Through November the S&P 500 index was up 29% for the year. Barring a significant countertrend in December, 2013 will be one the best years for stocks since the 1990’s. If you factor in the abysmal performance of European and emerging market stocks with gold (down 27%) and the fear that bonds will be decimated when the Fed begins to increase rates, it looks like US stocks are the only place to invest.
This creates questions for investors. Do I keep my money invested in stocks or do I sell? If I sell, where do I reinvest? Should I add new money to the stock market now or wait? In previous articles, we highlighted the large cash pile that legendary investor Warren Buffett has amassed at his company, Berkshire Hathaway. We have also highlighted the Feds efforts to make stocks the only game in town and we’ve highlighted the growing disconnect between economic conditions and stock valuations.

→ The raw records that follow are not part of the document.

lemma level_line_through_mx:
  "x \<in> {0<..<xp mu k} \<Longrightarrow> (yk k x)^2 + 2*mu*(G u - G x) = 2*mu*(G u - G (mx mu k x))"
  using G_mx mu_pos by (simp add: G_drop_def field_simps)

lemma mx_mem: "x \<in> {0<..<xp mu k} \<Longrightarrow> mx mu k x \<in> {0<..<x}"
  using G_less_iff[of "mx mu k x" x] G_mx mx_eq_level_point level_point_mem[of x 0]
    G_drop_pos[of x] below_xpD[of x]
  by auto

lemma mx_le_level_point:
  assumes x: "x \<in> {0<..<xp mu k}" and s: "s \<in> {0..1}"
  shows "mx mu k x \<le> level_point mu k x s"
proof -
  have "(1 - s^2) * G_drop mu k x \<le> G_drop mu k x"
    using s G_drop_pos[of x] x by (simp add: mult_left_le_one_le)
  then show ?thesis
    using G_le_iff[of "mx mu k x" "level_point mu k x s"] G_mx[OF x] G_level_point[OF x s]
      level_point_mem[OF x s] mx_mem[OF x] below_xpD[OF x]
    by simp
qed

lemma continuous_on_level_point:
  "continuous_on ({0<..<xp mu k} \<times> {0..1}) (\<lambda>(x, s). level_point mu k x s)"
proof -
  have "continuous_on ({0<..<xp mu k} \<times> {0..1}) (\<lambda>(x, s). G x - (1 - s^2) * G_drop mu k x)"
    unfolding G_def G_drop_eq case_prod_beta by (intro continuous_intros) (use mu_pos in auto)
  then show ?thesis
    unfolding level_point_def case_prod_beta
    by (rule continuous_on_compose2[OF continuous_on_G_inv]) (use level_point_arg_mem in force)
qed

lemma continuous_on_Tp_density:
  "continuous_on ({0<..<xp mu k} \<times> {0..1}) (\<lambda>(x, s). Tp_density mu k x s)"
proof -
  have "mu * ((level_point mu k x s)^2 * (1 - level_point mu k x s)) \<noteq> 0"
    if "x \<in> {0<..<xp mu k}" "s \<in> {0..1}" for x s
    using level_point_mem[OF that] mu_pos by simp
  then show ?thesis
    unfolding Tp_density_def case_prod_beta g_def
    by (intro continuous_intros continuous_on_level_point[unfolded case_prod_beta])
      (auto simp: mem_Times_iff)
qed

lemma continuous_on_Tp_density_slice:
  assumes "x \<in> {0<..<xp mu k}"
  shows "continuous_on {0..1} (Tp_density mu k x)"
proof -
  have "continuous_on {0..1} (\<lambda>s. (\<lambda>(x, s). Tp_density mu k x s) (x, s))"
    by (rule continuous_on_compose2[OF continuous_on_Tp_density])
      (use assms in \<open>auto intro!: continuous_intros\<close>)
  then show ?thesis
    by simp
qed

lemma
  assumes x: "x \<in> {0<..<xp mu k}" and u: "u \<in> {mx mu k x..x}"
  shows speed_fraction_mem: "speed_fraction mu k x u \<in> {0..1}"
    and level_point_speed_fraction: "level_point mu k x (speed_fraction mu k x u) = u"
proof -
  define R where "R = (yk k x)^2 + 2*mu*(G u - G x)"
  define s where "s = speed_fraction mu k x u"
  have u01: "u \<in> {0..1}"
    using u mx_mem[OF x] below_xpD[OF x] by auto
  have Gu: "G (mx mu k x) \<le> G u" "G u \<le> G x"
    using G_le_iff[of "mx mu k x" u] G_le_iff[of u x] u u01 mx_mem[OF x] below_xpD[OF x] by auto
  have R0: "0 \<le> R"
    using level_line_through_mx[OF x, of u] Gu mu_pos by (simp add: R_def)
  have R1: "R \<le> (k * x^2)^2"
    using Gu mu_pos by (simp add: R_def yk_def mult_le_0_iff)
  have kx: "0 < k * x^2"
    using k_pos below_xpD[OF x] by simp
  have "sqrt R \<le> k * x^2"
    using kx real_sqrt_le_mono[OF R1] by simp
  then show s: "speed_fraction mu k x u \<in> {0..1}"
    using R0 kx by (simp add: speed_fraction_def R_def[symmetric])
  have "s^2 = R / (k * x^2)^2"
    using R0 by (simp add: s_def speed_fraction_def R_def[symmetric] power_divide)
  then have "(1 - s^2) * G_drop mu k x = ((k * x^2)^2 - R) / (2*mu)"
    using k_pos below_xpD[OF x] by (simp add: G_drop_def yk_def field_simps)
  then have "G (level_point mu k x s) = G u"
    using G_level_point[OF x s[folded s_def]] mu_pos by (simp add: R_def yk_def)
  then show "level_point mu k x (speed_fraction mu k x u) = u"
    using G_eq_iff[of "level_point mu k x s" u] level_point_mem[OF x s[folded s_def]] u01
    by (simp add: s_def)
qed

(* Substituting u = level_point mu k x s, i.e. s = speed_fraction mu k x u, the time element
   du / speed becomes Tp_density mu k x s ds. *)
lemma Tp_integrand_has_integral:
  assumes x: "x \<in> {0<..<xp mu k}"
  shows "(Tp_integrand mu k x has_integral integral {0..1} (Tp_density mu k x)) {mx mu k x..x}"
proof -
  define M where "M = mx mu k x"
  define R where "R u = (yk k x)^2 + 2*mu*(G u - G x)" for u
  define S where "S = speed_fraction mu k x"
  define S' where "S' u = mu * g u / (k * x^2 * sqrt (R u))" for u
  have M: "0 < M" "M < x"
    using mx_mem[OF x] by (auto simp: M_def)
  have R_pos: "0 < R u" if "u \<in> {M<..<x}" for u
    using level_line_through_mx[OF x] G_less_iff[of M u] that M below_xpD[OF x] mu_pos
    by (simp add: R_def M_def)
  have S_M: "S M = 0"
    using level_line_through_mx[OF x] by (simp add: S_def speed_fraction_def M_def)
  have S_x: "S x = 1"
    using k_pos below_xpD[OF x] by (simp add: S_def speed_fraction_def yk_def)
  have S_mem: "S ` {M..x} \<subseteq> {0..1}"
    using speed_fraction_mem[OF x] by (auto simp: S_def M_def)
  have S_cont: "continuous_on {M..x} S"
    unfolding S_def speed_fraction_def G_def using k_pos below_xpD[OF x]
    by (intro continuous_intros) auto
  have S_deriv: "(S has_real_derivative S' u) (at u within {M..x})" if "u \<in> {M..x} - {M, x}" for u
  proof -
    have "0 < R u"
      using R_pos that by auto
    then have "(S has_real_derivative S' u) (at u)"
      using k_pos below_xpD[OF x] unfolding S_def speed_fraction_def S'_def R_def
      by (auto intro!: derivative_eq_intros G_has_real_derivative simp: R_def[symmetric] field_simps)
    then show ?thesis
      by (rule has_field_derivative_at_within)
  qed
  have subst: "((\<lambda>u. S' u *\<^sub>R Tp_density mu k x (S u)) has_integral integral {0..1} (Tp_density mu k x))
      {M..x}"
    using has_integral_substitution_strong[of "{M, x}", OF _ _ _ S_mem
        continuous_on_Tp_density_slice[OF x] S_cont S_deriv] M S_M S_x by simp
  show ?thesis
    unfolding M_def[symmetric]
  proof (rule has_integral_spike_finite[of "{M, x}", OF _ _ subst])
    fix u assume u: "u \<in> {M..x} - {M, x}"
    have "level_point mu k x (S u) = u"
      using level_point_speed_fraction[OF x] u by (simp add: S_def M_def)
    then show "Tp_integrand mu k x u = S' u *\<^sub>R Tp_density mu k x (S u)"
      using R_pos[of u] g_pos[of u] u M below_xpD[OF x] k_pos mu_pos
      by (simp add: Tp_integrand_def Tp_density_def S_def speed_fraction_def S'_def R_def[symmetric])
  qed simp
qed

lemma level_point_has_real_derivative:
  assumes x: "x \<in> {0<..<xp mu k}" and s: "s \<in> {0..1}"
  shows "((\<lambda>x. level_point mu k x s) has_real_derivative
      (g x - (1 - s^2) * (2 * k^2 * x^3 / mu)) / g (level_point mu k x s)) (at x)"
proof -
  have "((\<lambda>x. G x - (1 - s^2) * G_drop mu k x) has_real_derivative
      g x - (1 - s^2) * (2 * k^2 * x^3 / mu)) (at x)"
    unfolding G_drop_eq using mu_pos
    by (auto intro!: derivative_eq_intros G_has_real_derivative simp: field_simps)
  from DERIV_chain2[OF G_inv_has_real_derivative[OF level_point_arg_mem[OF x s]] this]
  show ?thesis
    by (simp add: level_point_def divide_inverse mult.commute)
qed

For today’s discussion let’s focus on measuring volatility and how it affects risk. We will define risk simply as “loss of capital”. As stocks increased this year, the CBOE Market Volatility Index (VIX) which measures implied volatility versus historical volatility, declined by 30%. This demonstrates that investors have become less worried about downside risk than they were previously. We can further confirm this complacency by looking at margin debt which just hit an all time high in October.
High net worth investors are using borrowed money to buy more stocks than they have the cash to afford on their own. The Fed is fueling this buying binge by allowing these well heeled investors to borrow money at historically low rates. Our credit driven stock market is an analog of the housing bubble. From 2005 to 2007, real estate was the only game in town in places like South Florida, Las Vegas and Southern California. Until credit evaporated leaving unfinished developments, bankrupt banks and foreclosed properties.

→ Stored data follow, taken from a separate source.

definition witnesses_3_5 :: "vtx list list" where
  "witnesses_3_5 = [[(1,1),(2,1),(3,1),(3,2),(2,2),(3,3),(3,4),(3,5),(2,5),(1,5),(1,4),(2,4),(1,3),(2,3),(1,2)],
    [(1,1),(2,1),(3,1),(3,2),(2,2),(1,2),(2,3),(3,3),(3,4),(3,5),(2,5),(1,5),(1,4),(2,4),(1,3)],
    [(1,1),(2,1),(3,1),(3,2),(2,2),(1,2),(1,3),(2,3),(3,3),(3,4),(3,5),(2,4),(1,5),(2,5),(1,4)],
    [(1,1),(2,1),(3,1),(3,2),(2,2),(1,2),(1,3),(1,4),(2,3),(3,3),(3,4),(3,5),(2,4),(2,5),(1,5)],
    [(1,1),(2,1),(3,1),(3,2),(3,3),(3,4),(3,5),(2,5),(1,5),(1,4),(2,4),(1,3),(1,2),(2,3),(2,2)],
    [(1,1),(2,1),(3,1),(3,2),(2,2),(1,2),(1,3),(1,4),(1,5),(2,5),(3,5),(2,4),(3,3),(3,4),(2,3)],
    [(1,1),(2,1),(3,1),(3,2),(2,2),(1,2),(1,3),(1,4),(1,5),(2,5),(3,5),(3,4),(2,3),(3,3),(2,4)],
    [(1,1),(2,1),(3,1),(3,2),(2,2),(1,2),(1,3),(1,4),(1,5),(2,4),(2,3),(3,3),(3,4),(3,5),(2,5)],
    [(1,1),(2,1),(1,2),(1,3),(1,4),(1,5),(2,5),(3,5),(2,4),(3,4),(2,3),(3,3),(2,2),(3,2),(3,1)],
    [(1,1),(2,1),(3,1),(2,2),(1,2),(1,3),(1,4),(1,5),(2,5),(3,5),(2,4),(3,4),(2,3),(3,3),(3,2)],
    [(1,1),(2,1),(3,1),(3,2),(2,2),(1,2),(1,3),(1,4),(1,5),(2,5),(3,5),(2,4),(2,3),(3,4),(3,3)],
    [(1,1),(2,1),(3,1),(3,2),(2,2),(1,2),(1,3),(1,4),(1,5),(2,5),(3,5),(2,4),(2,3),(3,3),(3,4)],
    [(1,1),(2,1),(3,1),(3,2),(2,2),(1,2),(1,3),(1,4),(1,5),(2,5),(2,4),(2,3),(3,3),(3,4),(3,5)],
    [(1,2),(1,1),(2,1),(3,1),(3,2),(2,2),(3,3),(2,3),(3,4),(3,5),(2,5),(1,5),(1,4),(2,4),(1,3)],
    [(1,2),(1,1),(2,1),(3,1),(3,2),(2,2),(1,3),(2,3),(3,3),(3,4),(3,5),(2,4),(1,5),(2,5),(1,4)],
    [(1,2),(1,1),(2,1),(3,1),(3,2),(2,2),(1,3),(1,4),(2,3),(3,3),(3,4),(3,5),(2,4),(2,5),(1,5)],
    [(1,2),(1,3),(1,4),(1,5),(2,5),(3,5),(2,4),(3,4),(2,3),(3,3),(3,2),(3,1),(2,2),(1,1),(2,1)],
    [(1,2),(1,1),(2,1),(3,1),(3,2),(3,3),(3,4),(3,5),(2,5),(1,5),(1,4),(2,4),(1,3),(2,3),(2,2)],
    [(1,2),(1,1),(2,1),(3,1),(3,2),(2,2),(1,3),(1,4),(1,5),(2,5),(3,5),(2,4),(3,3),(3,4),(2,3)],
    [(1,2),(1,1),(2,1),(3,1),(3,2),(2,2),(1,3),(1,4),(1,5),(2,5),(3,5),(3,4),(2,3),(3,3),(2,4)],
    [(1,2),(1,1),(2,1),(3,1),(3,2),(2,2),(1,3),(1,4),(1,5),(2,4),(2,3),(3,3),(3,4),(3,5),(2,5)],
    [(1,2),(1,1),(2,1),(3,2),(3,3),(3,4),(3,5),(2,5),(1,5),(1,4),(2,4),(1,3),(2,3),(2,2),(3,1)],
    [(1,2),(1,1),(2,1),(3,1),(2,2),(1,3),(1,4),(1,5),(2,5),(3,5),(2,4),(3,4),(2,3),(3,3),(3,2)],
    [(1,2),(1,1),(2,1),(3,1),(3,2),(2,2),(1,3),(1,4),(1,5),(2,5),(3,5),(2,4),(2,3),(3,4),(3,3)],
    [(1,2),(1,1),(2,1),(3,1),(3,2),(2,2),(1,3),(1,4),(1,5),(2,5),(3,5),(2,4),(2,3),(3,3),(3,4)],
    [(1,2),(1,1),(2,1),(3,1),(3,2),(2,2),(1,3),(1,4),(1,5),(2,5),(2,4),(2,3),(3,3),(3,4),(3,5)],
    [(1,3),(1,2),(1,1),(2,1),(3,1),(2,2),(3,2),(3,3),(2,3),(3,4),(3,5),(2,4),(1,5),(2,5),(1,4)],
    [(1,3),(1,2),(1,1),(2,1),(3,1),(2,2),(3,2),(3,3),(2,3),(1,4),(2,4),(3,4),(3,5),(2,5),(1,5)],
    [(1,3),(1,2),(2,3),(1,4),(1,5),(2,5),(3,5),(2,4),(3,4),(3,3),(3,2),(3,1),(2,2),(1,1),(2,1)],
    [(1,3),(1,2),(1,1),(2,1),(3,1),(3,2),(3,3),(3,4),(3,5),(2,5),(1,5),(1,4),(2,4),(2,3),(2,2)],
    [(1,3),(1,2),(1,1),(2,1),(3,1),(2,2),(3,2),(3,3),(3,4),(3,5),(2,5),(1,5),(1,4),(2,4),(2,3)],
    [(1,3),(1,2),(1,1),(2,1),(3,1),(2,2),(3,2),(3,3),(2,3),(1,4),(1,5),(2,5),(3,4),(3,5),(2,4)],
    [(1,3),(1,2),(1,1),(2,1),(3,1),(2,2),(3,2),(3,3),(2,3),(1,4),(1,5),(2,4),(3,4),(3,5),(2,5)],
    [(1,3),(1,2),(1,1),(2,1),(2,2),(3,3),(3,4),(3,5),(2,5),(1,5),(1,4),(2,4),(2,3),(3,2),(3,1)],
    [(1,3),(1,2),(1,1),(2,1),(3,1),(2,2),(3,3),(3,4),(3,5),(2,5),(1,5),(1,4),(2,4),(2,3),(3,2)],
    [(1,3),(1,2),(1,1),(2,1),(3,1),(2,2),(3,2),(2,3),(1,4),(1,5),(2,5),(3,5),(2,4),(3,4),(3,3)],
    [(1,3),(1,2),(1,1),(2,1),(3,1),(2,2),(3,2),(3,3),(2,3),(1,4),(1,5),(2,4),(2,5),(3,5),(3,4)],
    [(1,3),(1,2),(1,1),(2,1),(3,1),(2,2),(3,2),(3,3),(2,3),(1,4),(1,5),(2,4),(3,4),(2,5),(3,5)],
    [(1,4),(1,3),(1,2),(1,1),(2,1),(3,1),(2,2),(3,2),(2,3),(3,3),(3,4),(3,5),(2,4),(2,5),(1,5)],
    [(1,4),(1,5),(2,5),(3,5),(3,4),(2,4),(1,3),(1,2),(2,3),(3,3),(3,2),(3,1),(2,2),(1,1),(2,1)],
    [(1,4),(1,5),(2,5),(3,5),(3,4),(2,4),(1,3),(1,2),(1,1),(2,1),(3,1),(3,2),(2,3),(3,3),(2,2)],
    [(1,4),(1,5),(2,5),(3,5),(3,4),(2,4),(1,3),(1,2),(1,1),(2,1),(3,1),(2,2),(3,2),(3,3),(2,3)],
    [(1,4),(1,5),(2,5),(3,5),(3,4),(3,3),(3,2),(3,1),(2,1),(1,1),(1,2),(2,2),(1,3),(2,3),(2,4)],
    [(1,4),(1,5),(2,4),(1,3),(1,2),(1,1),(2,1),(3,1),(2,2),(3,2),(2,3),(3,3),(3,4),(3,5),(2,5)],
    [(1,4),(1,5),(2,5),(3,5),(3,4),(2,4),(1,3),(1,2),(1,1),(2,1),(2,2),(2,3),(3,3),(3,2),(3,1)],
    [(1,4),(1,5),(2,5),(3,5),(3,4),(2,4),(1,3),(1,2),(1,1),(2,1),(3,1),(2,2),(2,3),(3,3),(3,2)],
    [(1,4),(1,5),(2,5),(3,5),(3,4),(2,4),(1,3),(1,2),(1,1),(2,1),(3,1),(2,2),(2,3),(3,2),(3,3)],
    [(1,4),(1,5),(2,5),(3,5),(2,4),(1,3),(1,2),(1,1),(2,1),(3,1),(2,2),(3,2),(2,3),(3,3),(3,4)],
    [(1,4),(1,5),(2,5),(3,4),(3,3),(3,2),(3,1),(2,1),(1,1),(1,2),(2,2),(1,3),(2,3),(2,4),(3,5)],
    [(1,5),(1,4),(2,5),(3,5),(3,4),(2,4),(1,3),(1,2),(2,3),(3,3),(3,2),(3,1),(2,2),(1,1),(2,1)],
    [(1,5),(1,4),(2,5),(3,5),(3,4),(2,4),(1,3),(1,2),(1,1),(2,1),(3,1),(3,2),(2,3),(3,3),(2,2)],
    [(1,5),(1,4),(2,5),(3,5),(3,4),(2,4),(1,3),(1,2),(1,1),(2,1),(3,1),(2,2),(3,2),(3,3),(2,3)],
    [(1,5),(1,4),(2,5),(3,5),(3,4),(3,3),(3,2),(3,1),(2,1),(1,1),(1,2),(2,2),(1,3),(2,3),(2,4)],
    [(1,5),(1,4),(1,3),(1,2),(1,1),(2,1),(3,1),(2,2),(3,2),(2,3),(3,3),(2,4),(3,4),(3,5),(2,5)],
    [(1,5),(1,4),(2,5),(3,5),(3,4),(2,4),(1,3),(1,2),(1,1),(2,1),(2,2),(2,3),(3,3),(3,2),(3,1)],
    [(1,5),(1,4),(2,5),(3,5),(3,4),(2,4),(1,3),(1,2),(1,1),(2,1),(3,1),(2,2),(2,3),(3,3),(3,2)],
    [(1,5),(1,4),(2,5),(3,5),(3,4),(2,4),(1,3),(1,2),(1,1),(2,1),(3,1),(2,2),(2,3),(3,2),(3,3)],
    [(1,5),(1,4),(2,5),(3,5),(2,4),(1,3),(1,2),(1,1),(2,1),(3,1),(2,2),(3,2),(2,3),(3,3),(3,4)],
    [(1,5),(1,4),(1,3),(1,2),(1,1),(2,1),(3,1),(2,2),(3,2),(2,3),(3,3),(3,4),(2,4),(2,5),(3,5)],
    [(2,1),(1,1),(1,2),(1,3),(1,4),(1,5),(2,5),(3,5),(2,4),(3,4),(2,3),(3,3),(3,2),(3,1),(2,2)],
    [(2,1),(1,1),(1,2),(1,3),(1,4),(1,5),(2,5),(3,5),(2,4),(3,4),(3,3),(2,2),(3,1),(3,2),(2,3)],
    [(2,1),(1,1),(1,2),(1,3),(1,4),(1,5),(2,5),(3,5),(3,4),(2,3),(2,2),(3,1),(3,2),(3,3),(2,4)],
    [(2,1),(1,1),(1,2),(1,3),(1,4),(1,5),(2,4),(2,3),(2,2),(3,1),(3,2),(3,3),(3,4),(3,5),(2,5)],
    [(2,1),(1,1),(1,2),(1,3),(1,4),(1,5),(2,5),(3,5),(2,4),(3,4),(2,3),(3,3),(2,2),(3,2),(3,1)],
    [(2,1),(1,1),(1,2),(1,3),(1,4),(1,5),(2,5),(3,5),(2,4),(3,4),(2,3),(3,3),(2,2),(3,1),(3,2)],
    [(2,1),(1,1),(1,2),(1,3),(1,4),(1,5),(2,5),(3,5),(2,4),(3,4),(2,3),(2,2),(3,1),(3,2),(3,3)],
    [(2,1),(1,1),(1,2),(1,3),(1,4),(1,5),(2,5),(3,5),(2,4),(2,3),(2,2),(3,1),(3,2),(3,3),(3,4)],
    [(2,1),(1,1),(1,2),(1,3),(1,4),(1,5),(2,5),(2,4),(2,3),(2,2),(3,1),(3,2),(3,3),(3,4),(3,5)],
    [(2,2),(1,1),(2,1),(3,1),(3,2),(3,3),(3,4),(3,5),(2,5),(1,5),(1,4),(2,4),(1,3),(1,2),(2,3)],
    [(2,2),(1,1),(2,1),(3,1),(3,2),(3,3),(3,4),(3,5),(2,5),(1,5),(1,4),(1,3),(1,2),(2,3),(2,4)],
    [(2,2),(1,1),(2,1),(3,1),(3,2),(3,3),(3,4),(3,5),(2,4),(1,3),(1,2),(2,3),(1,4),(1,5),(2,5)],
    [(2,2),(1,1),(2,1),(1,2),(1,3),(1,4),(1,5),(2,5),(3,5),(2,4),(3,4),(2,3),(3,3),(3,2),(3,1)],
    [(2,2),(3,1),(2,1),(1,1),(1,2),(1,3),(1,4),(1,5),(2,5),(3,5),(2,4),(3,4),(2,3),(3,3),(3,2)],
    [(2,2),(1,1),(2,1),(3,1),(3,2),(2,3),(1,2),(1,3),(1,4),(1,5),(2,5),(3,5),(2,4),(3,4),(3,3)],
    [(2,2),(1,1),(2,1),(3,1),(3,2),(3,3),(2,3),(1,2),(1,3),(1,4),(1,5),(2,4),(2,5),(3,5),(3,4)],
    [(2,2),(1,1),(2,1),(3,1),(3,2),(3,3),(3,4),(2,3),(1,2),(1,3),(1,4),(1,5),(2,4),(2,5),(3,5)],
    [(2,3),(1,2),(1,1),(2,1),(3,1),(3,2),(2,2),(1,3),(1,4),(1,5),(2,5),(3,5),(3,4),(3,3),(2,4)],
    [(2,3),(1,2),(1,1),(2,1),(3,1),(3,2),(2,2),(1,3),(1,4),(1,5),(2,4),(3,3),(3,4),(3,5),(2,5)],
    [(2,3),(1,2),(1,1),(2,1),(3,2),(3,3),(3,4),(3,5),(2,5),(1,5),(1,4),(2,4),(1,3),(2,2),(3,1)],
    [(2,3),(1,2),(1,1),(2,1),(3,1),(2,2),(1,3),(1,4),(1,5),(2,5),(3,5),(2,4),(3,4),(3,3),(3,2)],
    [(2,3),(1,2),(1,1),(2,1),(3,1),(3,2),(2,2),(1,3),(1,4),(1,5),(2,5),(3,5),(2,4),(3,4),(3,3)],
    [(2,3),(1,2),(1,1),(2,1),(3,1),(3,2),(2,2),(1,3),(1,4),(1,5),(2,5),(3,5),(2,4),(3,3),(3,4)],
    [(2,3),(1,2),(1,1),(2,1),(3,1),(3,2),(2,2),(1,3),(1,4),(1,5),(2,5),(2,4),(3,3),(3,4),(3,5)],
    [(2,4),(1,5),(1,4),(1,3),(1,2),(1,1),(2,1),(3,1),(2,2),(3,2),(2,3),(3,3),(3,4),(3,5),(2,5)],
    [(2,4),(1,5),(1,4),(2,5),(3,5),(3,4),(3,3),(2,3),(1,3),(1,2),(1,1),(2,1),(2,2),(3,2),(3,1)],
    [(2,4),(1,5),(1,4),(2,5),(3,5),(3,4),(3,3),(2,3),(1,3),(1,2),(1,1),(2,1),(2,2),(3,1),(3,2)],
    [(2,4),(1,5),(1,4),(2,5),(3,5),(3,4),(2,3),(1,3),(1,2),(1,1),(2,1),(3,1),(2,2),(3,2),(3,3)],
    [(2,4),(3,5),(2,5),(1,5),(1,4),(1,3),(1,2),(1,1),(2,1),(3,1),(2,2),(3,2),(2,3),(3,3),(3,4)],
    [(2,4),(1,5),(1,4),(1,3),(1,2),(1,1),(2,1),(3,1),(2,2),(3,2),(2,3),(3,3),(3,4),(2,5),(3,5)],
    [(2,5),(1,5),(1,4),(1,3),(1,2),(1,1),(2,1),(2,2),(2,3),(2,4),(3,5),(3,4),(3,3),(3,2),(3,1)],
    [(2,5),(1,5),(1,4),(1,3),(1,2),(1,1),(2,1),(3,1),(2,2),(2,3),(2,4),(3,5),(3,4),(3,3),(3,2)],
    [(2,5),(1,5),(1,4),(1,3),(1,2),(1,1),(2,1),(3,1),(2,2),(3,2),(2,3),(2,4),(3,5),(3,4),(3,3)],
    [(2,5),(1,5),(1,4),(1,3),(1,2),(1,1),(2,1),(3,1),(2,2),(3,2),(2,3),(3,3),(2,4),(3,5),(3,4)],
    [(2,5),(1,5),(1,4),(1,3),(1,2),(1,1),(2,1),(3,1),(2,2),(3,2),(2,3),(3,3),(2,4),(3,4),(3,5)],
    [(3,1),(2,1),(1,1),(1,2),(1,3),(2,2),(3,3),(3,4),(3,5),(2,5),(1,5),(1,4),(2,4),(2,3),(3,2)],
    [(3,1),(2,1),(1,1),(1,2),(1,3),(2,2),(3,2),(2,3),(1,4),(1,5),(2,5),(3,5),(2,4),(3,4),(3,3)],
    [(3,1),(2,1),(1,1),(1,2),(1,3),(2,2),(3,2),(3,3),(2,3),(1,4),(1,5),(2,4),(2,5),(3,5),(3,4)],
    [(3,1),(2,1),(1,1),(1,2),(1,3),(2,2),(3,2),(3,3),(2,3),(1,4),(1,5),(2,4),(3,4),(2,5),(3,5)],
    [(3,2),(3,1),(2,1),(1,1),(1,2),(2,2),(1,3),(1,4),(1,5),(2,5),(3,5),(2,4),(2,3),(3,4),(3,3)],
    [(3,2),(3,1),(2,1),(1,1),(1,2),(2,2),(1,3),(1,4),(1,5),(2,5),(3,5),(2,4),(2,3),(3,3),(3,4)],
    [(3,2),(3,1),(2,1),(1,1),(1,2),(2,2),(1,3),(1,4),(1,5),(2,5),(2,4),(2,3),(3,3),(3,4),(3,5)],
    [(3,3),(3,2),(3,1),(2,1),(1,1),(1,2),(2,2),(1,3),(2,3),(1,4),(1,5),(2,4),(2,5),(3,5),(3,4)],
    [(3,3),(3,2),(3,1),(2,1),(1,1),(1,2),(2,2),(1,3),(2,3),(1,4),(1,5),(2,4),(3,4),(2,5),(3,5)],
    [(3,4),(2,5),(1,5),(1,4),(1,3),(1,2),(1,1),(2,1),(3,1),(2,2),(3,2),(3,3),(2,3),(2,4),(3,5)]]"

Margin investors don’t have the benefit of delaying their debt repayments through a lengthy foreclosure process. When a margin call is triggered they only have a few hours to cover their debt or they get sold out at whatever price the broker can get at that instant. The same psychology that existed in real estate speculators (prices never go down) has appeared in margined up stock investors (the only game in town). When investors care more about upside volatility than downside volatility, problems ensue. Isn’t it simple prudence to prepare for a similar resolution to this behavior?